The Office of Global Criminal Justice (J/GCJ), formerly called the Office of War Crimes Issues (S/WCI), is an office within the United States Department of State.

Duties
The Office is headed by an Ambassador: in that position, she advises the Secretary of State and the Under Secretary of State for Civilian Security, Human Rights, and Democracy and works to formulate U.S. policy on prevention and accountability for mass atrocities.

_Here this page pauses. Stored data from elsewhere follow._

(* Let $\mathbf{h}\in\mathbb{C}^{n}$ be a fixed vector and $\bar{\mathbf{A}}\in\mathbb{C}^{m\times n}$ a random matrix with i.i.d. elements of zero mean and unit variance. Let $\mathbf{v}\sim\mathcal{CN}(\mathbf{0}_{m},\mathbf{I}_{m})$ be independent of $\bar{\mathbf{A}}$, $\mathbf{y}=\bar{\mathbf{A}}\mathbf{h}+\mathbf{v}$, and $\hat{\mathbf{y}}=\mathrm{Q}(\mathbf{y})$, where $\mathrm{Q}$ is an $\infty$-bit quantizer with uniform quantization intervals of width $\Delta>0$, applied elementwise to real and imaginary parts. Let $\mathcal{CV}\subseteq\{1,\dots,m\}$, $\mathcal{CV}_{\mathrm{R}}=\mathcal{CV}\cup(\mathcal{CV}+m)$, and for $\hat{\mathbf{h}}\in\mathbb{C}^{n}$ let $$\ell_{\mathcal{CV}}(\hat{\mathbf{h}})=\sum_{i\in\mathcal{CV}_{\mathrm{R}}}\log\left(\Phi\left(\frac{\hat{y}_{\mathrm{R},i}^{\mathrm{up}}-\bar{\mathbf{a}}_{\mathrm{R},i}^{\mathrm{T}}\hat{\mathbf{h}}_{\mathrm{R}}}{\sqrt{1/2}}\right)-\Phi\left(\frac{\hat{y}_{\mathrm{R},i}^{\mathrm{lo}}-\bar{\mathbf{a}}_{\mathrm{R},i}^{\mathrm{T}}\hat{\mathbf{h}}_{\mathrm{R}}}{\sqrt{1/2}}\right)\right),$$ and let $f_{\mathcal{CV}}(\hat{\mathbf{h}})$ be the limit in probability of $\frac{1}{2|\mathcal{CV}|}\ell_{\mathcal{CV}}(\hat{\mathbf{h}})$ as $|\mathcal{CV}|\to\infty$. Then $$f_{\mathcal{CV}}(\hat{\mathbf{h}})=-\|\hat{\mathbf{h}}-\mathbf{h}\|^{2}-\frac{1}{2}\log \pi e+\log\Delta+\mathcal{O}(\Delta)$$ as $\Delta\to 0$.
   Context: $\Phi$ is the CDF of $\mathcal{N}(0,1)$; logarithms are natural. Real forms: for a complex vector $\mathbf{x}$, $\mathbf{x}_{\mathrm{R}}=[\mathrm{Re}(\mathbf{x})^{\mathrm{T}},\mathrm{Im}(\mathbf{x})^{\mathrm{T}}]^{\mathrm{T}}$; for a complex matrix $\mathbf{X}$, $\mathbf{X}_{\mathrm{R}}=\begin{bmatrix}\mathrm{Re}(\mathbf{X})&-\mathrm{Im}(\mathbf{X})\\\mathrm{Im}(\mathbf{X})&\mathrm{Re}(\mathbf{X})\end{bmatrix}$; $\bar{\mathbf{a}}_{\mathrm{R},i}$ is the transpose of the $i$-th row of $\bar{\mathbf{A}}_{\mathrm{R}}$. The $\infty$-bit uniform quantizer partitions $\mathbb{R}$ into intervals $[j\Delta,(j+1)\Delta)$, $j\in\mathbb{Z}$ (up to an offset), each mapped to a fixed quantization point; for each real entry, $\hat{y}_{\mathrm{R},i}^{\mathrm{lo}}$ and $\hat{y}_{\mathrm{R},i}^{\mathrm{up}}$ are the lower and upper endpoints of the interval containing $y_{\mathrm{R},i}$. Each real/imaginary noise component has variance $1/2$. *)

theory Defs
  imports "HOL-Probability.Probability" "HOL-Library.Landau_Symbols"
begin

definition Phi :: "real \<Rightarrow> real" where
  "Phi x = measure (density lborel std_normal_density) {..x}"

text \<open>Infinite-bit uniform quantizer with step Delta and offset c: the cell containing x
  is [c + j Delta, c + (j+1) Delta). qlo / qup are its lower / upper endpoints.\<close>
definition qlo :: "real \<Rightarrow> real \<Rightarrow> real \<Rightarrow> real" where
  "qlo Delta c x = c + Delta * of_int \<lfloor>(x - c) / Delta\<rfloor>"

definition qup :: "real \<Rightarrow> real \<Rightarrow> real \<Rightarrow> real" where
  "qup Delta c x = qlo Delta c x + Delta"

text \<open>One summand of the log-likelihood: x is the real entry y_{R,i}, t = abar_{R,i}^T hhat_R.\<close>
definition llterm :: "real \<Rightarrow> real \<Rightarrow> real \<Rightarrow> real \<Rightarrow> real" where
  "llterm Delta c x t =
     ln (Phi ((qup Delta c x - t) / sqrt (1/2)) - Phi ((qlo Delta c x - t) / sqrt (1/2)))"

definition rowmul :: "(nat \<Rightarrow> 'n::finite \<Rightarrow> complex) \<Rightarrow> nat \<Rightarrow> complex ^ 'n \<Rightarrow> complex" where
  "rowmul A i x = (\<Sum>j\<in>UNIV. A i j * x $ j)"

text \<open>The real-form index set CV_R = CV \<union> (CV + m):
  index i \<in> CV refers to the real part of row i, index i+m to its imaginary part;
  abar_{R,i}^T hhat_R = Re((A hhat)_i) and abar_{R,i+m}^T hhat_R = Im((A hhat)_i).\<close>
definition ell :: "real \<Rightarrow> real \<Rightarrow> (nat \<Rightarrow> 'n::finite \<Rightarrow> complex) \<Rightarrow> (nat \<Rightarrow> complex)
                   \<Rightarrow> complex ^ 'n \<Rightarrow> complex ^ 'n \<Rightarrow> nat set \<Rightarrow> real" where
  "ell Delta c A v h hh CV =
     (\<Sum>i\<in>CV. llterm Delta c (Re (rowmul A i h + v i)) (Re (rowmul A i hh))
             + llterm Delta c (Im (rowmul A i h + v i)) (Im (rowmul A i hh)))"

definition conv_in_prob :: "'a measure \<Rightarrow> (nat \<Rightarrow> 'a \<Rightarrow> real) \<Rightarrow> real \<Rightarrow> bool" where
  "conv_in_prob M X L \<longleftrightarrow> (\<forall>k. X k \<in> borel_measurable M) \<and>
     (\<forall>e>0. (\<lambda>k. measure M {\<omega>\<in>space M. \<bar>X k \<omega> - L\<bar> > e}) \<longlonglongrightarrow> 0)"

end

theory Submission
  imports Defs
begin

text \<open>Each summand of the log-likelihood is the log-probability of a quantization cell of width
  Delta under a Gaussian of variance 1/2. Over the cell the density varies only by a factor
  1 + O(Delta (1 + r)), so the summand is ln Delta - ln pi / 2 - r^2 up to O(Delta (1 + r^2)),
  where r is the real or imaginary part of the residual y_i - (A hh)_i = (A (h - hh))_i + v_i.
  Hence ell_CV / (2 |CV|) is sandwiched between two affine functions of the empirical mean of
  the squared residuals |(A (h - hh))_i + v_i|^2, which all have expectation
  2 |h - hh|^2 + 1 by independence. A limit in probability inherits both bounds: the lower one
  by Markov's inequality, the upper one because the squared residuals are uniformly integrable
  (they are dominated by identically distributed variables), so that their averages exceed
  any level below the mean with probability bounded away from zero. Since
  ln (pi e) / 2 = ln pi / 2 + 1/2, this is the claimed expansion.\<close>

section \<open>Gaussian probabilities of quantization cells\<close>

lemma Phi_diff_eq_integral:
  assumes "a \<le> b"
  shows "Phi b - Phi a = (LINT x:{a<..b}|lborel. std_normal_density x)"
proof -
  interpret N: prob_space "density lborel std_normal_density"
    using prob_space_normal_density by simp
  have int: "integrable lborel (\<lambda>x. indicator {a<..b} x * std_normal_density x)"
    using integrable_mult_indicator[of "{a<..b}" lborel std_normal_density] by simp
  have "Phi b - Phi a = measure (density lborel std_normal_density) ({..b} - {..a})"
    unfolding Phi_def using assms by (subst N.finite_measure_Diff) auto
  also have "{..b} - {..a} = {a<..b}"
    by auto
  also have "emeasure (density lborel std_normal_density) {a<..b}
      = (\<integral>\<^sup>+ x. ennreal (indicator {a<..b} x * std_normal_density x) \<partial>lborel)"
    by (subst emeasure_density) (auto intro!: nn_integral_cong split: split_indicator)
  then have "measure (density lborel std_normal_density) {a<..b}
      = (LINT x:{a<..b}|lborel. std_normal_density x)"
    unfolding measure_def set_lebesgue_integral_def
    by (simp add: nn_integral_eq_integral[OF int] integral_nonneg_AE)
  finally show ?thesis .
qed

lemma Phi_diff_bounds:
  assumes "a < b"
    and "\<And>x. x \<in> {a<..b} \<Longrightarrow> lo \<le> std_normal_density x"
    and "\<And>x. x \<in> {a<..b} \<Longrightarrow> std_normal_density x \<le> hi"
  shows "(b - a) * lo \<le> Phi b - Phi a" and "Phi b - Phi a \<le> (b - a) * hi"
proof -
  have int: "set_integrable lborel {a<..b} std_normal_density"
    unfolding set_integrable_def
    using integrable_mult_indicator[of "{a<..b}" lborel std_normal_density] by simp
  have const: "set_integrable lborel {a<..b} (\<lambda>_. y)" "(LINT x:{a<..b}|lborel. y) = (b - a) * y"
    for y :: real
  proof -
    have fin: "emeasure lborel {a<..b} \<noteq> \<infinity>"
      using assms(1) by simp
    show "set_integrable lborel {a<..b} (\<lambda>_. y)"
      unfolding set_integrable_def using fin by (intro integrable_indicator) (auto simp: top.not_eq_extremum)
    show "(LINT x:{a<..b}|lborel. y) = (b - a) * y"
      using assms(1) set_integral_const[of "{a<..b}" lborel y] fin by simp
  qed
  show "(b - a) * lo \<le> Phi b - Phi a"
    using set_integral_mono[OF const(1) int assms(2)]
    by (simp add: Phi_diff_eq_integral assms(1) less_imp_le const(2))
  show "Phi b - Phi a \<le> (b - a) * hi"
    using set_integral_mono[OF int const(1) assms(3)]
    by (simp add: Phi_diff_eq_integral assms(1) less_imp_le const(2))
qed

lemma std_normal_density_shift:
  "std_normal_density u = std_normal_density u0 * exp ((u0\<^sup>2 - u\<^sup>2) / 2)"
proof -
  have "- (u\<^sup>2 / 2) = - (u0\<^sup>2 / 2) + (u0\<^sup>2 - u\<^sup>2) / 2"
    by (simp add: field_simps)
  then show ?thesis
    by (simp add: std_normal_density_def flip: exp_add)
qed
text \<open>
  The head starts at block m, so every feasible movement serves a request for file h no earlier
  than m - l(h); the sum LB of these distances is a lower bound on OPT.
  In the schedule of single-file batches S, a request for a batched file h is served after
  m - l(h) plus the excursions (there and back) of the batches right of h, and a request for an
  unbatched file after all of Phase 1 and the walk back from block 1 to l(h).
  FGS keeps the invariant that the delay caused by the greedy batches it dropped is at most the
  time their removal saves the requests to their left.
  With it, the total detour of all requests is at most the sum over the files u of s(u) times
  the number of requests for files left of u, which is at most LB; as every detour is walked
  twice, v \<le> LB + 2 LB \<le> 3 OPT.
\<close>

section \<open>Tape geometry\<close>

lemma lft_ge_1: "1 \<le> lft s i"
  unfolding lft_def by simp

lemma lft_add_size_le:
  assumes "i < j"
  shows "lft s i + s i \<le> lft s j"
proof -
  have "(\<Sum>k<i. s k) + s i = (\<Sum>k<Suc i. s k)" by simp
  also have "\<dots> \<le> (\<Sum>k<j. s k)"
    by (rule sum_mono2) (use assms in auto)
  finally show ?thesis unfolding lft_def by simp
qed

lemma lft_eq_tape_len: "lft s N = tape_len N s + 1"
  unfolding lft_def tape_len_def by simp

lemma lft_less_lft_iff:
  assumes pos: "\<forall>k<N. 0 < s k" and "i < N" "j < N"
  shows "lft s i < lft s j \<longleftrightarrow> i < j"
proof
  assume "i < j"
  then show "lft s i < lft s j" using lft_add_size_le[of i j s] pos assms(2) by fastforce
next
  assume "lft s i < lft s j"
  then show "i < j" using lft_add_size_le[of j i s] by (metis linorder_neqE_nat add_leD1 leD less_imp_le)
qed
(* Let $\phi:\mathbb{R}^2_{\ge}\times X\times\Omega\to X$ be a nonautonomous random dynamical system (NRDS) on a probability space $(\Omega,\mathcal{F},\mathbb{P})$ whose state space $X$ is finite. For $t\in\mathbb{R}$ and $\omega\in\Omega$ define \[ A(t,\omega):=\bigcap_{t_0\le t}\phi(t,t_0,X,\omega). \] Then $A(t,\omega)$ is nonempty for all $\omega\in\Omega$, $t\in\mathbb{R}$, and $A$ defines a global random pullback attractor. Moreover, for all $\omega\in\Omega$ and $t\in\mathbb{R}$ there exists $T_0(t,\omega)<t$ such that $\phi(t,t_0,X,\omega)=A(t,\omega)$ for all $t_0\le T_0(t,\omega)$. If, in addition, for each $p\in(0,1)$ there is $T_p>0$ such that \[ \mathbb{P}(\{\omega\in\Omega\mid t-T_0(t,\omega)\le T_p\})\ge p \quad\text{for all } t\in\mathbb{R}, \] then $A$ also defines a global random forward attractor, and for almost every $\omega\in\Omega$ and all $t_0\in\mathbb{R}$ there exists $T(t_0,\omega)>t_0$ such that $\phi(t,t_0,X,\omega)=A(t,\omega)$ for all $t\ge T(t_0,\omega)$.
   Context: Let $\mathbb{R}^2_{\ge}:=\{(t,s)\in\mathbb{R}^2\mid t\ge s\}$, $(X,d_X)$ a Polish metric space and $(\Omega,\mathcal{F},\mathbb{P})$ a probability space. A map $\phi:\mathbb{R}^2_\ge\times X\times\Omega\to X$ is an NRDS if (i) it is $(\mathcal{B}(\mathbb{R}^2_\ge)\times\mathcal{B}(X)\times\mathcal{F},\mathcal{B}(X))$-measurable; (ii) $\phi(t,t,\cdot,\omega)$ is the identity on $X$ for all $t,\omega$; (iii) (cocycle property) $\phi(t,t_0,x,\omega)=\phi(t,s,\phi(s,t_0,x,\omega),\omega)$ for all $t\ge s\ge t_0$, $x\in X$, $\omega\in\Omega$; (iv) $x\mapsto\phi(t,s,x,\omega)$ is continuous. For $B\subset X$ write $\phi(t,t_0,B,\omega)=\{\phi(t,t_0,x,\omega)\mid x\in B\}$. A finite state space carries the discrete topology and the metric $d(x_1,x_2)=1$ if $x_1\ne x_2$, $0$ otherwise; $\mathrm{dist}(A_1,A_2):=\sup_{a_1\in A_1}\inf_{a_2\in A_2}d(a_1,a_2)$. A nonautonomous random set is a family $(C(t))_{t\in\mathbb{R}}$ of measurable subsets of $X\times\Omega$ (product $\sigma$-algebra), with $\omega$-sections $C(t,\omega)=\{x\mid (x,\omega)\in C(t)\}$; it is compact if every $C(t,\omega)$ is compact. A compact nonautonomous random set $A$ that is strictly $\phi$-invariant, i.e. $\phi(t,t_0,A(t_0,\omega),\omega)=A(t,\omega)$ for all $(t,t_0)\in\mathbb{R}^2_\ge$ a.s., is a global random pullback attractor if for each $t\in\mathbb{R}$, $\lim_{t_0\to-\infty}\mathrm{dist}(\phi(t,t_0,X,\omega),A(t,\omega))=0$ a.s.; it is a global random forward attractor if for each $t_0\in\mathbb{R}$, $\lim_{t\to\infty}\mathrm{dist}(\phi(t,t_0,X,\omega),A(t,\omega))=0$ a.s. *)

theory Defs
  imports "HOL-Probability.Probability"
begin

The Office coordinates U.S. government support for ad hoc and international courts currently trying persons accused of genocide, war crimes, and crimes against humanity committed (among other places) in the former Yugoslavia, Rwanda, Sierra Leone, and Cambodia, and helps bolster the capacity of domestic judicial systems to try atrocity crimes.  It also works closely with other governments, international institutions, and non-governmental organizations to establish and assist international and domestic commissions, courts, and tribunals to investigate, judge, and deter atrocity crimes in every region of the globe.  The Ambassador coordinates the deployment of a range of diplomatic, legal, economic, military, and intelligence tools to help expose the truth, judge those responsible, protect and assist victims, enable reconciliation, and build the rule of law.

Last developments
Previous Ambassadors in the Office of Global Criminal Justice included Todd F. Buchwald and Morse H. Tan.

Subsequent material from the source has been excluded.